Trix Trikam: Both the sugarcane growing and milling sectors were hit hard by the torrential downpours which left behind hundreds of people dead.
Information from industry members indicates that some farmers and millers suffered serious damage. The South African Canegrowers Association put the total cost of the damage at approximately R223 million.
The nature of the damage included soil erosion, waterlogging, infield roads damage, canefields covered by sand, cane washed away by floods, gravel roads swept away, damage to bridges, farmhouses, workshop buildings and dam walls.
Also, both small-scale and large-scale growers were adversely impacted by the civil unrest, which was characterised by destruction and burning of property and infrastructure, violence and looting. With regards to the sugar industry, more than 500 000 tons of cane in KwaZulu-Natal was burnt by arsonists.
In total, 135 growers ranging from small-scale to large scale farmers, had direct cane losses due to the arson in KwaZulu-Natal, with a calculated total direct impact of 135 222 tons of cane not being able to be crushed, valued at R84.4 million.
Do we know how much in terms of value does the sugar industry contribute towards the SA economy? And how many jobs are created by the industry?
At least one million people are dependent on the cane growing and milling activities of the industry. We create 65 000 direct and 270 000 indirect jobs. Operating in deep rural areas of KwaZulu-Natal and Mpumalanga, the industry makes a crucial contribution to the economy.
What are the immediate tasks that need to be addressed by industry leaders and government to ensure that the sector grows?
The sugar industry and other relevant stakeholders are working together in implementing the all-important Sugarcane Value Chain Masterplan to 2030, which was signed in November 2020.
Some of the apex priorities of the master plan are the optimisation of the local market and coming up with clearly defined diversified solutions. This is aimed at promoting a sustainable industry.
Amid the ailing economy of SA, what are the successes that the association can point out?

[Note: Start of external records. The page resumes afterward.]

lemma circ_sep_mod_distance:
  assumes "0 < Q" "circ_sep P Q a b"
  shows "Q \<le> \<bar>a mod P - b mod P\<bar> \<and> \<bar>a mod P - b mod P\<bar> \<le> P - Q"
proof -
  have P: "0 < P" using assms unfolding circ_sep_def by linarith
  define w where "w = a mod P - b mod P"
  have r: "(a - b) mod P = w mod P" unfolding w_def by (simp add: mod_diff_eq)
  have w: "- P < w" "w < P" unfolding w_def using P pos_mod_bound pos_mod_sign by (smt (verit))+
  have "w mod P = (if 0 \<le> w then w else w + P)"
  proof (cases "0 \<le> w")
    case False
    have "w mod P = (w + P) mod P" by simp
    also have "\<dots> = w + P" using w False by (intro mod_pos_pos_trivial) auto
    finally show ?thesis using False by simp
  qed (use w in \<open>simp add: mod_pos_pos_trivial\<close>)
  then show ?thesis using assms r unfolding circ_sep_def w_def[symmetric] by (auto split: if_splits)
qed

text \<open>Colours of the form Q a + s with 0 \<le> a \<le> K are the K+1 slots of level s on a circle
of length (K+1)Q+1.\<close>

lemma circ_sep_slots:
  assumes "0 < Q" "P = (K + 1) * Q + 1" "0 \<le> a" "a \<le> K" "0 \<le> b" "b \<le> K" "a \<noteq> b"
  shows "circ_sep P Q (Q * a + s) (Q * b + s)"
proof -
  have bounds: "Q \<le> Q * (x - y)" "Q * (x - y) \<le> Q * K" if "y < x" "0 \<le> y" "x \<le> K" for x y
    using that mult_left_mono[of 1 "x - y" Q] mult_left_mono[of "x - y" K Q] assms(1) by auto
  show ?thesis
  proof (cases "b < a")
    case True
    then show ?thesis using assms bounds[of b a]
      by (intro circ_sep_intro[where d = "Q * (a - b)" and m = 0]) (auto simp: algebra_simps)
  next
    case False
    then show ?thesis using assms bounds[of a b]
      by (intro circ_sep_intro[where d = "P - Q * (b - a)" and m = "-1"]) (auto simp: algebra_simps)
  qed
qed

lemma circ_sep_higher_slot:
  assumes "0 < Q" "P = (K + 1) * Q + 1" "0 \<le> b" "b < a" "a \<le> K" "0 \<le> t" "t \<le> 1"
  shows "circ_sep P Q (Q * a + s + t) (Q * b + s)"
proof (rule circ_sep_intro[where d = "Q * (a - b) + t" and m = 0])
  have "Q \<le> Q * (a - b)" using assms mult_left_mono[of 1 "a - b" Q] by auto
  then show "Q \<le> Q * (a - b) + t" using assms by linarith
  have "Q * (a - b) \<le> Q * K" using assms by (intro mult_left_mono) auto
  moreover have "P = Q * K + Q + 1" using assms by (simp add: algebra_simps)
  ultimately show "Q * (a - b) + t \<le> P - Q" using assms by linarith
qed (use assms in \<open>simp_all add: algebra_simps\<close>)

lemma circ_sep_add_period: "circ_sep P Q (a + m * P) b \<longleftrightarrow> circ_sep P Q a b"
proof -
  have "(a + m * P - b) mod P = (a - b) mod P" by (metis add_diff_eq diff_add_eq mod_mult_self1)
  then show ?thesis unfolding circ_sep_def by simp
qed

lemma nat_mod_eq_imp_eq:
  fixes a b k :: nat
  assumes "a mod k = b mod k" "a < b + k" "b < a + k"
  shows "a = b"
proof -
  have *: "a = b" if "a \<le> b" "a mod k = b mod k" "b < a + k" for a b :: nat
  proof -
    have "k dvd b - a" using that mod_eq_dvd_iff_nat by metis
    moreover have "b - a < k" using that by linarith
    ultimately show ?thesis using that by (metis dvd_imp_le le_antisym not_less zero_less_diff)
  qed
  show ?thesis using *[of a b] *[of b a] assms by linarith
qed

lemma cyclic_latin_square_distinct:
  fixes j l j' l' k :: nat
  assumes "1 \<le> j" "j \<le> k" "l < k" "1 \<le> j'" "j' \<le> k" "l' < k"
    and "j' = j \<or> l' = l" "(j', l') \<noteq> (j, l)"
  shows "(j' + l' - 1) mod k \<noteq> (j + l - 1) mod k"
proof
  assume eq: "(j' + l' - 1) mod k = (j + l - 1) mod k"
  have "j' + l' - 1 < j + l - 1 + k" "j + l - 1 < j' + l' - 1 + k" using assms by auto
  with eq have "j' + l' - 1 = j + l - 1" by (rule nat_mod_eq_imp_eq)
  then show False using assms by auto
qed

lemma Min_add_card_le_Max:
  fixes S :: "nat set"
  assumes "finite S" "S \<noteq> {}" "\<And>x y. x \<in> S \<Longrightarrow> y \<in> S \<Longrightarrow> x < y \<Longrightarrow> x + q \<le> y"
  shows "Min S + (card S - 1) * q \<le> Max S"
  using assms
proof (induction "card S" arbitrary: S)
  case 0
  then show ?case by simp
next
  case (Suc m)
  show ?case
  proof (cases "m = 0")
    case True
    then obtain x where "S = {x}" using Suc.hyps(2) by (metis One_nat_def card_1_singletonE)
    then show ?thesis by simp
  next
    case False
    define S' where "S' = S - {Max S}"
    have MS: "Max S \<in> S" using Suc.prems(1,2) by (rule Max_in)
    have S': "finite S'" "card S' = m" "S' \<subseteq> S"
      using Suc.hyps(2) Suc.prems(1) MS unfolding S'_def by auto
    then have "S' \<noteq> {}" using False by auto
    have "Min S' + (card S' - 1) * q \<le> Max S'"
      using S' \<open>S' \<noteq> {}\<close> Suc.prems(3) by (intro Suc.hyps(1)) auto
    moreover have "Min S \<le> Min S'" using Min_antimono S' \<open>S' \<noteq> {}\<close> Suc.prems(1) by blast
    moreover have "Max S' + q \<le> Max S"
    proof -
      have "Max S' \<in> S'" using S' \<open>S' \<noteq> {}\<close> by (intro Max_in)
      then have "Max S' \<in> S" "Max S' < Max S"
        using Suc.prems(1) unfolding S'_def by (auto simp: order.strict_iff_order)
      then show ?thesis using Suc.prems(3) MS by blast
    qed
    ultimately show ?thesis using S'(2) Suc.hyps(2)[symmetric] False by (cases m) auto
  qed
qed

lemma pq_total_colouring_clique_bound:
  assumes col: "pq_total_colouring V E p q c" and "1 \<le> q"
    and C: "C \<subseteq> total_elems V E" "finite C" "2 \<le> card C"
    and adj: "\<And>x y. x \<in> C \<Longrightarrow> y \<in> C \<Longrightarrow> x \<noteq> y \<Longrightarrow> total_adj E x y"
  shows "card C * q \<le> p"
proof -
  have sep: "int q \<le> \<bar>int (c x) - int (c y)\<bar> \<and> \<bar>int (c x) - int (c y)\<bar> \<le> int p - int q"
    if "x \<in> C" "y \<in> C" "x \<noteq> y" for x y
    using col C(1) adj that unfolding pq_total_colouring_def by blast
  define S where "S = c ` C"
  have "inj_on c C" using sep \<open>1 \<le> q\<close> by (fastforce intro: inj_onI)
  then have card_S: "card S = card C" unfolding S_def by (simp add: card_image)
  have S: "finite S" "S \<noteq> {}" using C unfolding S_def by auto
  have "Min S + (card S - 1) * q \<le> Max S"
    using sep by (intro Min_add_card_le_Max S) (fastforce simp: S_def)
  moreover obtain x y where "x \<in> C" "y \<in> C" "Max S = c x" "Min S = c y"
    using Max_in[OF S] Min_in[OF S] unfolding S_def by blast
  ultimately have "(card C - 1) * q + q \<le> p"
    using sep[of x y] C(3) card_S \<open>1 \<le> q\<close> by (cases "x = y") auto
  then show ?thesis using C(3) by (cases "card C") (auto simp: algebra_simps)
qed

lemma circular_total_chromatic_number_le:
  assumes "pq_total_colouring V E p q c" "1 \<le> q" "q \<le> p"
  shows "circular_total_chromatic_number V E \<le> real p / real q"
  unfolding circular_total_chromatic_number_def
proof (rule cInf_lower)
  show "bdd_below {real p / real q | p q. 1 \<le> q \<and> q \<le> p \<and> (\<exists>c. pq_total_colouring V E p q c)}"
    by (rule bdd_belowI[where m = 0]) auto
qed (use assms in blast)

lemma circular_total_chromatic_number_ge:
  assumes "pq_total_colouring V E p0 q0 c0" "1 \<le> q0" "q0 \<le> p0"
    and "\<And>p q c. 1 \<le> q \<Longrightarrow> pq_total_colouring V E p q c \<Longrightarrow> r * real q \<le> real p"
  shows "r \<le> circular_total_chromatic_number V E"
  unfolding circular_total_chromatic_number_def
proof (rule cInf_greatest)
  fix x assume "x \<in> {real p / real q | p q. 1 \<le> q \<and> q \<le> p \<and> (\<exists>c. pq_total_colouring V E p q c)}"
  then obtain p q c where "x = real p / real q" "1 \<le> q" "pq_total_colouring V E p q c" by auto
  then show "r \<le> x" using assms(4) by (simp add: pos_le_divide_eq)
qed (use assms in blast)

lemma G_E_cases [consumes 1, case_names block first link last]:
  assumes "e \<in> G_E k n"
  obtains (block) i j l where "e = {Av i j, Bv i l}" "1 \<le> i" "i \<le> n" "1 \<le> j" "j \<le> k" "1 \<le> l" "l < k"
  | (first) "e = {U, Av 1 2}"
  | (link) i where "e = {Av i 1, Av (Suc i) 2}" "1 \<le> i" "i < n"
  | (last) "e = {Av n 1, U}"
proof -
  from assms consider (b) i j l where "e = {Av i j, Bv i l}" "1 \<le> i" "i \<le> n" "1 \<le> j" "j \<le> k" "1 \<le> l" "l \<le> k - 1"
    | (f) "e = {U, Av 1 2}" | (c) i where "e = {Av i 1, Av (i + 1) 2}" "1 \<le> i" "i < n" | (l) "e = {Av n 1, U}"
    unfolding G_E_def by blast
  then show ?thesis using that by cases (auto simp del: One_nat_def simp: Suc_eq_plus1)
qed

lemma block_edge_in_G_E:
  assumes "1 \<le> i" "i \<le> n" "1 \<le> j" "j \<le> k" "1 \<le> l" "l < k"
  shows "{Av i j, Bv i l} \<in> G_E k n"
proof -
  have "l \<le> k - 1" using assms by simp
  then show ?thesis unfolding G_E_def using assms by blast
qed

Prior to the initiation and signing of the aforementioned master plan, the industry faced serious challenges such as sugar imports, dwindling local sales and insufficient tariff. The industry was on the brink of collapse. However, since the implementation of the master plan the industry has made some progress toward recovery.
While further urgent work is required to remove the industry from the “intensive care unit”, the master plan has created a platform that serves the aligned stakeholders towards the common goals of the local economy.
What is the future outlook and plans for the reminder of the year?
The future looks promising. All stakeholders need to remain committed to the master plan to ensure a thriving sugar industry.